EXERCISE PROMPT: Filter the entries for the word "finally". Copy each line that has it.

STORED DATA:
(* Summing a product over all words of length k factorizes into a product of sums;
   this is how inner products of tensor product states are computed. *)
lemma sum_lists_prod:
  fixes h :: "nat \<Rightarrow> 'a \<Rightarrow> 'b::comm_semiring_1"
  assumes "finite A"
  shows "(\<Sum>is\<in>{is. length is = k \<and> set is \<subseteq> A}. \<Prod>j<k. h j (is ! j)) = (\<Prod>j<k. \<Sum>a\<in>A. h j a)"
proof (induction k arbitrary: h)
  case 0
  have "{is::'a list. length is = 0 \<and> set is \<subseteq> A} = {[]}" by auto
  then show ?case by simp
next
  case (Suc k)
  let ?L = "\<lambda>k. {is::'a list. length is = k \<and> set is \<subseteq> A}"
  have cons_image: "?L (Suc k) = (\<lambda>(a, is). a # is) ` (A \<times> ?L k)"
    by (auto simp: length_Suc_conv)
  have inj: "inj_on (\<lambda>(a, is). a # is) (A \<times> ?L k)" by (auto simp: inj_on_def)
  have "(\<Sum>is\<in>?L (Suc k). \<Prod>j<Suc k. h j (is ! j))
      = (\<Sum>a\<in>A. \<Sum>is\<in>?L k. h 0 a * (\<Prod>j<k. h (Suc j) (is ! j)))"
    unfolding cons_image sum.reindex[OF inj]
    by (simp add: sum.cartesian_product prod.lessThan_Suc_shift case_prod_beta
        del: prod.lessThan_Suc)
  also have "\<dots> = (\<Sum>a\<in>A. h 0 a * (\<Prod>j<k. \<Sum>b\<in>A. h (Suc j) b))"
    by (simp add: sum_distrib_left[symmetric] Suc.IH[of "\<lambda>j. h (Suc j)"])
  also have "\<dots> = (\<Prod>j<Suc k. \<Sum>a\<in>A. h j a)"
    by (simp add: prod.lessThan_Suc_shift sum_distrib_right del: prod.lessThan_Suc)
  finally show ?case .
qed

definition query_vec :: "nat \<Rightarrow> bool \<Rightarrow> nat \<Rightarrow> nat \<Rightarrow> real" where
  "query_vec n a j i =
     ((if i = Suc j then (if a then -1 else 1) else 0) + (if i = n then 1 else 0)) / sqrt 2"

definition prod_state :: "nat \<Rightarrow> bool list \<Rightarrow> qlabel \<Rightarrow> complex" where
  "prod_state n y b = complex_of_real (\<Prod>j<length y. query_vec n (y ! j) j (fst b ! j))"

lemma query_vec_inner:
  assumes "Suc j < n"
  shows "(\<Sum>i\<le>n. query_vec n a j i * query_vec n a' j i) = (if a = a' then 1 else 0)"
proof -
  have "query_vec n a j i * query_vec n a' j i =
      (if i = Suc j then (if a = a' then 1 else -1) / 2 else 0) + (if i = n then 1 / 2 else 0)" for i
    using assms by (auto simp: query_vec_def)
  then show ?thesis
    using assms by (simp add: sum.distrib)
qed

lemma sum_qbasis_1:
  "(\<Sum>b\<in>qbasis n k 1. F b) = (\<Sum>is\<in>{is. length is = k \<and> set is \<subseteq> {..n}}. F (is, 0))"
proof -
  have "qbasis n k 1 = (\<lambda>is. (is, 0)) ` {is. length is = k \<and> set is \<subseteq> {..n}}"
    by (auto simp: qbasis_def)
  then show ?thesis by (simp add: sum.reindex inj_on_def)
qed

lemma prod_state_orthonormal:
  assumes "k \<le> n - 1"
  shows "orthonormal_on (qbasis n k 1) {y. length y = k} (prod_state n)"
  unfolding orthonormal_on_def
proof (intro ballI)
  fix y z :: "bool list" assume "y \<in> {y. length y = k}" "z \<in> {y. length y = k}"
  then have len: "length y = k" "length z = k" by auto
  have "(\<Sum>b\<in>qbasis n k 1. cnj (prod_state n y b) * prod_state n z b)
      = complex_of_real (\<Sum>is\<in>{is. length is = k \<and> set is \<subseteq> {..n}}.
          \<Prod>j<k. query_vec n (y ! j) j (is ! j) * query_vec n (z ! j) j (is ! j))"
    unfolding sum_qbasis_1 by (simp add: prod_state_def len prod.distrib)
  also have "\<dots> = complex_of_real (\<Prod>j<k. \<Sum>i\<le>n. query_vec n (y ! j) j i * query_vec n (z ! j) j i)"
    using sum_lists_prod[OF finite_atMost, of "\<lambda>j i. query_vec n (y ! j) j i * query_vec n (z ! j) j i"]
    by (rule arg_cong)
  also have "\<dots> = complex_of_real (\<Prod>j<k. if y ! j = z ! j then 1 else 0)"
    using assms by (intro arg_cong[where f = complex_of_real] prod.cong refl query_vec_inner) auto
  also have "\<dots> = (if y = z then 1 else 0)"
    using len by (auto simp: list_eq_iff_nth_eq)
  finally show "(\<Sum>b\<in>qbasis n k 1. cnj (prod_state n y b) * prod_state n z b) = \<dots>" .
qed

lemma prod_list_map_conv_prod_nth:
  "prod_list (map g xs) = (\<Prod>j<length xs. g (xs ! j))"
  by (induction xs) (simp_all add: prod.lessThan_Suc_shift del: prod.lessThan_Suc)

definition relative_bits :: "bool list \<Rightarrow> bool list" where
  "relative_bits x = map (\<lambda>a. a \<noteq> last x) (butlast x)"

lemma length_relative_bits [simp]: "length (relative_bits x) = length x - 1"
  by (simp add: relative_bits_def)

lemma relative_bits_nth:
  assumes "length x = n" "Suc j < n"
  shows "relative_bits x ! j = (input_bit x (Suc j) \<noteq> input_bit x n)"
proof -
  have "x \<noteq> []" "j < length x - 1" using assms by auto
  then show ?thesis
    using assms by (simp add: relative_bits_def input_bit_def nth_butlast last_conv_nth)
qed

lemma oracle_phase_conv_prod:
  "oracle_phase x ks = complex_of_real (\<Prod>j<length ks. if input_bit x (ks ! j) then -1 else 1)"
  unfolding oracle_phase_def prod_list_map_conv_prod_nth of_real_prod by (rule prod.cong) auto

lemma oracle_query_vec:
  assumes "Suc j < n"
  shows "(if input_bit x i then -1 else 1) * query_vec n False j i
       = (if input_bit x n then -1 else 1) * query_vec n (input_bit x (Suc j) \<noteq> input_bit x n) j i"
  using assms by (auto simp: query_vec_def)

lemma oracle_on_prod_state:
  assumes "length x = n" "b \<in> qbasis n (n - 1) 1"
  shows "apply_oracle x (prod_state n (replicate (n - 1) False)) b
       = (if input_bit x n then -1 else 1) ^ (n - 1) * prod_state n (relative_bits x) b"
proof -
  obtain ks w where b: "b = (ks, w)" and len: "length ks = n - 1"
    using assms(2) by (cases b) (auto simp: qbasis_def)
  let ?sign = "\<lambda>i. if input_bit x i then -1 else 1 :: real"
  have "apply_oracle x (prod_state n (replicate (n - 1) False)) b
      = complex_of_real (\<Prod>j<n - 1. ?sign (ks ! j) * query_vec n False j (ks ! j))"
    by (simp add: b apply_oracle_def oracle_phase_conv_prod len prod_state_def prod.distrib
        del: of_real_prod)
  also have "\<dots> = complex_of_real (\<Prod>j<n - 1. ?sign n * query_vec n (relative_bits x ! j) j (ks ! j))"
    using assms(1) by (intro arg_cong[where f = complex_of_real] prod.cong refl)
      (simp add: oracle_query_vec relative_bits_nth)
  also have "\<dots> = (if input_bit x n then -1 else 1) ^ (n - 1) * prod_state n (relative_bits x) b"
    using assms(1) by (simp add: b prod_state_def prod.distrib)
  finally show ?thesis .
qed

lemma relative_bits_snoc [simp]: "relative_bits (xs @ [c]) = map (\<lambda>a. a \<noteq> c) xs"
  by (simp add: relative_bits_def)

OUTPUT OF THE EXERCISE:
  finally show ?case .
  finally show "(\<Sum>b\<in>qbasis n k 1. cnj (prod_state n y b) * prod_state n z b) = \<dots>" .
  finally show ?thesis .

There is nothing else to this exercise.